YOUR ASSIGNMENT => From the entries below, copy each line in which the word "dots" occurs.

THE DATA =>
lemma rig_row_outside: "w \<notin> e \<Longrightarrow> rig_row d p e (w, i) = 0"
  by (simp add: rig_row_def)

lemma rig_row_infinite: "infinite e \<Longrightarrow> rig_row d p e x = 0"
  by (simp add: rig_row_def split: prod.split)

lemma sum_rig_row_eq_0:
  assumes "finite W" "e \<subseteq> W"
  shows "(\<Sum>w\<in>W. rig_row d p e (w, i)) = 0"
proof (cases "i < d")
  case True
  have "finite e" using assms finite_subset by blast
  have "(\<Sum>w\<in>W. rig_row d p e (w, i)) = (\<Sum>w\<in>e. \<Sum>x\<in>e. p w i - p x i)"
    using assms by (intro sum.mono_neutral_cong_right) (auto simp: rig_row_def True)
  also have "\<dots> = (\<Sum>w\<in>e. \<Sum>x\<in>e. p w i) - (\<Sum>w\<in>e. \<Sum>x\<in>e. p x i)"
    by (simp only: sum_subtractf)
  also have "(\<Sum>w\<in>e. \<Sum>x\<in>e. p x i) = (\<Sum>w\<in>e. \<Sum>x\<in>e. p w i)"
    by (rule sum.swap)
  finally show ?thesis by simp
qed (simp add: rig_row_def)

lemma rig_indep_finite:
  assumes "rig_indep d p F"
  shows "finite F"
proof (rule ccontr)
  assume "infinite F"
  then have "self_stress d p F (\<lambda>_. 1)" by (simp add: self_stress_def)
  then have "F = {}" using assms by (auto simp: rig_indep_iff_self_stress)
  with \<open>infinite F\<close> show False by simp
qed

==

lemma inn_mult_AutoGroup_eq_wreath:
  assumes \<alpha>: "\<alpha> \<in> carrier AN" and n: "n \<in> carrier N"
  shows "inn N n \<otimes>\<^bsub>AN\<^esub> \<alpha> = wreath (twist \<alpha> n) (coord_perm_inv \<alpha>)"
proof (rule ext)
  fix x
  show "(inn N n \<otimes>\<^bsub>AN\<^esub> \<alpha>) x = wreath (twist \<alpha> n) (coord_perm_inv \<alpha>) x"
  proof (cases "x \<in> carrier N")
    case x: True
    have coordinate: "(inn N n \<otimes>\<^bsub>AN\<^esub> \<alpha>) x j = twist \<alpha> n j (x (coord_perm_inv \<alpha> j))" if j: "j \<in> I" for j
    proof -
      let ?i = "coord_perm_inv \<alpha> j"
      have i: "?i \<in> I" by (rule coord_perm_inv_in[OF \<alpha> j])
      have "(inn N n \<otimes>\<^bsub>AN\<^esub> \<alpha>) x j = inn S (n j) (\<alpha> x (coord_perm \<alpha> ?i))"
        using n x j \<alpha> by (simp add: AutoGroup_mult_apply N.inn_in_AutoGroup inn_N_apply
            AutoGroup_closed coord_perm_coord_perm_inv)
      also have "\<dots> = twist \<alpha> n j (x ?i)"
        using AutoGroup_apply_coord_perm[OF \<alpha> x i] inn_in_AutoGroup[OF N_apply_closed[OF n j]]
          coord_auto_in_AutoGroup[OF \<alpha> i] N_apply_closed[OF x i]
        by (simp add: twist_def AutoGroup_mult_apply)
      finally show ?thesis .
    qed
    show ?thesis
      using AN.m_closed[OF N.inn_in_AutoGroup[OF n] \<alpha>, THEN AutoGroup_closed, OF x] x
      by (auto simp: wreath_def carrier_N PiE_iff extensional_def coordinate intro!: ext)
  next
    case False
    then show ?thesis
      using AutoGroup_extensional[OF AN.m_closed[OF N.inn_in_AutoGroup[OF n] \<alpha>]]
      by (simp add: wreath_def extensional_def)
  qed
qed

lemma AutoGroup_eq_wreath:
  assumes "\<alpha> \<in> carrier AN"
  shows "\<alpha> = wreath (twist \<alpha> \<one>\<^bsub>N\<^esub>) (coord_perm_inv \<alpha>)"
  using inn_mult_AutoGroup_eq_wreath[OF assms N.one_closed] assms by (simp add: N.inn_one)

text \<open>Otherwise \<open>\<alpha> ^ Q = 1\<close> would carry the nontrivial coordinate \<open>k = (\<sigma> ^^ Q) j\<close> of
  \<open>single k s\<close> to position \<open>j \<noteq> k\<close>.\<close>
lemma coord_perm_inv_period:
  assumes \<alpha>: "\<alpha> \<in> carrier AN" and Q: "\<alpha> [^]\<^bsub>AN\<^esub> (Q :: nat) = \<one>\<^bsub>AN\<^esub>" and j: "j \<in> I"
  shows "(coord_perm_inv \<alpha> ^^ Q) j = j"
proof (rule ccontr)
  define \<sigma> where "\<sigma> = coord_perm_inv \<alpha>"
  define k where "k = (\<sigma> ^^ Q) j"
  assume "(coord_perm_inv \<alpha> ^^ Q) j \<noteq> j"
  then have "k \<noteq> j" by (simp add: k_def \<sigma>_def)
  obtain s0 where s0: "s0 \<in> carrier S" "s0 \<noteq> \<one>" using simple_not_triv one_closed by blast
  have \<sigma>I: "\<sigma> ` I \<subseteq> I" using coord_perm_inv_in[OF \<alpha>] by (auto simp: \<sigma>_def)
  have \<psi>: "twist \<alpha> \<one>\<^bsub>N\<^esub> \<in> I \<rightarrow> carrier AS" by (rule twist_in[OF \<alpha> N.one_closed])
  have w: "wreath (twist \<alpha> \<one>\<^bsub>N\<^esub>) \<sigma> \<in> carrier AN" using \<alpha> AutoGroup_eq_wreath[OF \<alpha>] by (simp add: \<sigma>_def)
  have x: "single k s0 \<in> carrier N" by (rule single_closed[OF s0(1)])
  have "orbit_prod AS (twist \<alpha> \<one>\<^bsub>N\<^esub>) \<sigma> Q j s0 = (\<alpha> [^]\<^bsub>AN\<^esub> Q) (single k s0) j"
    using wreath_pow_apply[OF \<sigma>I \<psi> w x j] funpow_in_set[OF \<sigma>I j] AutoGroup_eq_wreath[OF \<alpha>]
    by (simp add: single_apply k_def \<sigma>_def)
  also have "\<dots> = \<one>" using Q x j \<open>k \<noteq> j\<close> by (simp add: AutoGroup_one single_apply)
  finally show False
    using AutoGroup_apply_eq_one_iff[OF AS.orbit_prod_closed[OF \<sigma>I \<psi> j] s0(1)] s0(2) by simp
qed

==

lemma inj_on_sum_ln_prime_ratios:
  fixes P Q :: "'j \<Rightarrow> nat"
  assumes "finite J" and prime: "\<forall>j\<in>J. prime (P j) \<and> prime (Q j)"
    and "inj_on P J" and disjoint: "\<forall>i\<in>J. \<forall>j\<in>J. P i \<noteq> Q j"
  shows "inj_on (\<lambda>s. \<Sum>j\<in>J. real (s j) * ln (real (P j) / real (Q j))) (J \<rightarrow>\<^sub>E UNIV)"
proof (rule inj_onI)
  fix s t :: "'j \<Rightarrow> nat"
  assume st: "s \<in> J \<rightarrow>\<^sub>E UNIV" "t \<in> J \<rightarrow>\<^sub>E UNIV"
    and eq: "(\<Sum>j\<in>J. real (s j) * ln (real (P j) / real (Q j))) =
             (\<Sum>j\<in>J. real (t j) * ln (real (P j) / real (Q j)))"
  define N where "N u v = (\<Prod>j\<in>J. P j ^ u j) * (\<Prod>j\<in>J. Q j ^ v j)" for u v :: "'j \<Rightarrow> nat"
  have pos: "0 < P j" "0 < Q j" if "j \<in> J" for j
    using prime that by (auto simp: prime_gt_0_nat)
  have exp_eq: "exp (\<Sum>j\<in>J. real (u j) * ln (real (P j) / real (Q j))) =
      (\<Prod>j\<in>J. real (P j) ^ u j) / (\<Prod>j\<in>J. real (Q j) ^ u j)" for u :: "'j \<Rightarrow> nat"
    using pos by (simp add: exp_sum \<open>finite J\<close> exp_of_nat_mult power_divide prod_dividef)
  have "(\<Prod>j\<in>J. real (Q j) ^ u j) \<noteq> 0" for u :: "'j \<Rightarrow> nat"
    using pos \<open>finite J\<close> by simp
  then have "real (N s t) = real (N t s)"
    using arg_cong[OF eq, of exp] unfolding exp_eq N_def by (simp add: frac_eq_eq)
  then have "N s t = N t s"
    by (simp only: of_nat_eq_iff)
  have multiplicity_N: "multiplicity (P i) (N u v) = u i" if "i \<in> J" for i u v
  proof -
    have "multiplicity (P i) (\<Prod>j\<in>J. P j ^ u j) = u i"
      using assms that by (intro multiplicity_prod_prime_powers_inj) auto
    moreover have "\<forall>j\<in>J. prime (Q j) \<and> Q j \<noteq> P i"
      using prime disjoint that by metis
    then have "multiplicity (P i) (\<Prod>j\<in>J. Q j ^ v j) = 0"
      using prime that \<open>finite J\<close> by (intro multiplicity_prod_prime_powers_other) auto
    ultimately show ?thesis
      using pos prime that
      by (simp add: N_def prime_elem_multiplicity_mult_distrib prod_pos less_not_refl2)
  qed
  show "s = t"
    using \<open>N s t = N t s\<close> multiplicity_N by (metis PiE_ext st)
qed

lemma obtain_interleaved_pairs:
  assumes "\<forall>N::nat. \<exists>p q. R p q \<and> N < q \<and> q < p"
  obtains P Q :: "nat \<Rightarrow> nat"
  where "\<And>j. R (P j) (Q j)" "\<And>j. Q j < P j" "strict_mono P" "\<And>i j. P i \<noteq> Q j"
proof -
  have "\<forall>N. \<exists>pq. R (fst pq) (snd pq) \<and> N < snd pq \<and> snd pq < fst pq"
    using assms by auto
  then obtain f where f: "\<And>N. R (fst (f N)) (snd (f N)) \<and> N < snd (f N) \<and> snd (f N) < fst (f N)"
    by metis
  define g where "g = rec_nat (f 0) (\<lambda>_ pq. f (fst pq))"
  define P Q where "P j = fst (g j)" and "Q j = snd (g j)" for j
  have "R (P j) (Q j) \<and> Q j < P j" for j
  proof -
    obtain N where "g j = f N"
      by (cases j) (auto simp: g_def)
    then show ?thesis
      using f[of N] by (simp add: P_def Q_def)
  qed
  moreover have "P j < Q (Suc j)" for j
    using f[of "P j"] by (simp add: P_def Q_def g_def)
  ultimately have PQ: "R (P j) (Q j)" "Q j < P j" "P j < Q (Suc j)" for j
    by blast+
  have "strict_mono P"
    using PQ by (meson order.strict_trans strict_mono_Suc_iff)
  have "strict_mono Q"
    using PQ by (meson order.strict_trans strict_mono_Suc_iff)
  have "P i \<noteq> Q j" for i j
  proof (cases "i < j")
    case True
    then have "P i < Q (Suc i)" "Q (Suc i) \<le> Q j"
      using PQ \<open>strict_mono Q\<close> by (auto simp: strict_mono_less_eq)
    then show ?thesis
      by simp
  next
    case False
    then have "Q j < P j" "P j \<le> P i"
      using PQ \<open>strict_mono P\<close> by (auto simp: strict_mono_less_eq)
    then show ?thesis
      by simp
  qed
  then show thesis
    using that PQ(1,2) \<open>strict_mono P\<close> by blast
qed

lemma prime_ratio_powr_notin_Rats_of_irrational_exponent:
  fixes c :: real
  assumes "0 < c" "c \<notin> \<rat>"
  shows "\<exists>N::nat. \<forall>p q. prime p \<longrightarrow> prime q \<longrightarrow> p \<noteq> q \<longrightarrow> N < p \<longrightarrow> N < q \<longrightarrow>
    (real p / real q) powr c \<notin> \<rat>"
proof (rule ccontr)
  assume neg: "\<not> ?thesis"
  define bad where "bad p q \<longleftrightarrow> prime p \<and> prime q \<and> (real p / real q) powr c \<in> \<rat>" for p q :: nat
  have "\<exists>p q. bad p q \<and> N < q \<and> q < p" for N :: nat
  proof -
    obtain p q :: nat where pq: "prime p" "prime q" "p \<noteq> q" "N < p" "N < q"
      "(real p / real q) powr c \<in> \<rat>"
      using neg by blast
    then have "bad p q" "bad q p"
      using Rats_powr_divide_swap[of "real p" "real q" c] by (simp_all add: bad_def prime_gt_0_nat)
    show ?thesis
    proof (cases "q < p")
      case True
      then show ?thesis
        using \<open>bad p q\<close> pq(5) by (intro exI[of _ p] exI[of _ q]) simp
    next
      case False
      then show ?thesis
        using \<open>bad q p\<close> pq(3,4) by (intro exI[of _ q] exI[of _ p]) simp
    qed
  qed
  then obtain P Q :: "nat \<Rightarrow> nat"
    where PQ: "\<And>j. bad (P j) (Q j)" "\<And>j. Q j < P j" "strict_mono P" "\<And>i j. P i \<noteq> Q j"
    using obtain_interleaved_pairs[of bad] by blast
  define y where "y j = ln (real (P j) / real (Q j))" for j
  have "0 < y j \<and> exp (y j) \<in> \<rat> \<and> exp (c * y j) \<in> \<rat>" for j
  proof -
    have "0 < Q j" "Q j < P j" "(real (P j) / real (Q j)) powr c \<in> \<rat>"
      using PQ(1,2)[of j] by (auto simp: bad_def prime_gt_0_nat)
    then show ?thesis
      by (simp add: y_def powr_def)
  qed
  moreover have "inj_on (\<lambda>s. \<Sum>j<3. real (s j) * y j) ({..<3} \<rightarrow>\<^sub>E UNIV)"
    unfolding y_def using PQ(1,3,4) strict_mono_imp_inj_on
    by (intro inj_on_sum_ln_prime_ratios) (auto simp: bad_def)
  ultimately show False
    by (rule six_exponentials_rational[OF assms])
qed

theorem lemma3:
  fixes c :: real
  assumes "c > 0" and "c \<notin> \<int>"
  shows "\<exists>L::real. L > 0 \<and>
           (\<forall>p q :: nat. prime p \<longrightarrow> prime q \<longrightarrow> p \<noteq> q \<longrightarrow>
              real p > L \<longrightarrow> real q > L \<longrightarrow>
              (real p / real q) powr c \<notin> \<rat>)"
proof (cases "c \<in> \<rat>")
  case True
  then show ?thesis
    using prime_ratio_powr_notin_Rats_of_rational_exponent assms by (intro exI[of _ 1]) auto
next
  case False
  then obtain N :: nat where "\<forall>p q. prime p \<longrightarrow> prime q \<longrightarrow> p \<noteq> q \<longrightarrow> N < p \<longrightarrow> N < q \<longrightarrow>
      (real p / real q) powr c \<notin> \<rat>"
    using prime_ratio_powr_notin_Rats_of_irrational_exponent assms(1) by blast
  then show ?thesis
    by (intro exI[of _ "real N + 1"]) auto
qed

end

RESULT FOR THIS TASK =>
  also have "\<dots> = (\<Sum>w\<in>e. \<Sum>x\<in>e. p w i) - (\<Sum>w\<in>e. \<Sum>x\<in>e. p x i)"
      also have "\<dots> = twist \<alpha> n j (x ?i)"
  also have "\<dots> = \<one>" using Q x j \<open>k \<noteq> j\<close> by (simp add: AutoGroup_one single_apply)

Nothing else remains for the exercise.